# My gigantic flight cage has arrived!



## philodice (Sep 30, 2007)

Yes, I can now turn a cartwheel inside my new flight cage. It's ridiculous! It's bigger than I thought it was! It's a bare wire cage with no shelter in it so that isn't cool. Well, more work for me. 

10 ft tall by 10ft long, 6 ft wide. It came in on a HUGE trailer! ALmost didn't fit in my yard.
You might think, man she has a lot of birds. 
Not so, I only have 9.


----------



## EgypSwiftLady (Jan 14, 2008)

I would love to see photos of it, sounds wonderful your pijs will love all the room.


----------



## philodice (Sep 30, 2007)

I'm thinking of building something like a 'wallcote' on a 6ft high stand, with a short access steps up to it so I can clean it, and assembling it inside the cage, then planting bushes and stuff in the aviary. I'll plant the outside with bushes as well and then it will look like the garden aviary I've been planning all along.


----------



## mill pigeon (Apr 2, 2008)

where did you buy it and how much?


----------



## philodice (Sep 30, 2007)

Craigslist, $300.
It has severe rust damage on the corners of the bottom due to 6 years of sitting on a well-watered lawn. But...I probably still got a good deal. I'll reinforce the bottom with new steel bars.


----------



## maryjane (Jul 15, 2006)

philodice said:


> Yes, I can now turn a cartwheel inside my new flight cage. It's ridiculous! It's bigger than I thought it was! It's a bare wire cage with no shelter in it so that isn't cool. Well, more work for me.
> 
> 10 ft tall by 10ft long, 6 ft wide. It came in on a HUGE trailer! ALmost didn't fit in my yard.
> You might think, man she has a lot of birds.
> *Not so, I only have 9....*


....AND COUNTING!!  Don't worry, they'll find you! Sounds like a great deal. Get some pics for us when you have a chance.  I have a similar set up for my aviaries and found a great way to set up things inside. I covered half of the roof and left the other half open (will be covered in bad weather of course). I put the nest boxes on the wall under the covered half, and just perches in the other half. So when it rained the other day for the first time since they moved into it, they could choose to sit in the rain or not. And, the nest boxes and food dishes stayed dry being under cover. And having it raised 6 inches off the ground, in order to rake under, is so easy.


----------



## KIPPY (Dec 18, 2003)

Looking forward to pictures!

I was thinking about checking Craigs list but never been there before.


----------



## TAWhatley (Mar 6, 2001)

KIPPY said:


> I was thinking about checking Craigs list but never been there before.
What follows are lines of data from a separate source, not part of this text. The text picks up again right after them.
lemma crossing_total_pos_arc_move:
  assumes "0 < crossing_total D"
  shows "\<exists>D'. arc_move D D'"
proof -
  have "\<exists>u\<in>#D. 0 < cross_count u D"
  proof (rule ccontr)
    assume "\<not> ?thesis"
    then have "crossing_total D = (\<Sum>u\<in>#D. 0)"
      unfolding crossing_total_def by (intro arg_cong[where f = sum_mset] image_mset_cong) simp
    with assms show False by simp
  qed
  then obtain u where u: "u \<in># D" "0 < cross_count u D" by blast
  then have "filter_mset (crosses u) D \<noteq> {#}" unfolding cross_count_def using nonempty_has_size by blast
  then obtain v where "v \<in># filter_mset (crosses u) D" by (meson multiset_nonemptyE)
  then have v: "v \<in># D" "crosses u v" by auto
  then have "u \<noteq> v" by auto
  then show ?thesis using crossing_pair_arc_move[OF pair_subset_mset[OF u(1) v(1)] v(2)] by blast
qed

abbreviation touches :: "nat \<Rightarrow> member \<Rightarrow> bool" where
  "touches i x \<equiv> fst x = enat i \<or> snd x = i"

definition endpoints :: "diagram \<Rightarrow> nat set" where
  "endpoints M = {i. \<exists>x\<in>#M. touches i x}"

lemma endpoints_empty [simp]: "endpoints {#} = {}"
  and endpoints_add_arc [simp]: "endpoints (add_mset (enat a, c) M) = insert a (insert c (endpoints M))"
  and endpoints_add_pole [simp]: "endpoints (add_mset (\<infinity>, b) M) = insert b (endpoints M)"
  by (auto simp: endpoints_def)

definition endpoints_distinct :: "diagram \<Rightarrow> bool" where
  "endpoints_distinct D \<longleftrightarrow> (\<forall>i. size (filter_mset (touches i) D) \<le> 1)"

lemma endpoints_distinct_pair:
  assumes "endpoints_distinct D" "{#x, y#} \<subseteq># D" "touches i x" "touches i y"
  shows False
proof -
  have "size (filter_mset (touches i) {#x, y#}) \<le> size (filter_mset (touches i) D)"
    using assms(2) by (intro size_mset_mono multiset_filter_mono)
  moreover have "size (filter_mset (touches i) {#x, y#}) = 2" using assms(3,4) by simp
  moreover have "size (filter_mset (touches i) D) \<le> 1"
    using assms(1) unfolding endpoints_distinct_def by blast
  ultimately show False by linarith
qed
If you go .. just stick to "safe" categories .. if you go to the Pets/Animals, you will never be the same again ..

Terry


----------



## maryjane (Jul 15, 2006)

TAWhatley said:


> If you go .. just stick to "safe" categories .. if you go to the Pets/Animals, you will never be the same again ..
> 
> Terry


Oh and ain't that the (sad) truth! Whew, the fighting and name calling and negative energy in that pets section can drain you in about six seconds. I had to stop looking at CL a looooong time ago just to save what's left of my own sanity!  I do keyword "pigeon" and "dove" every few days just to make sure there isn't some crazy person giving them away for dog training or something.


----------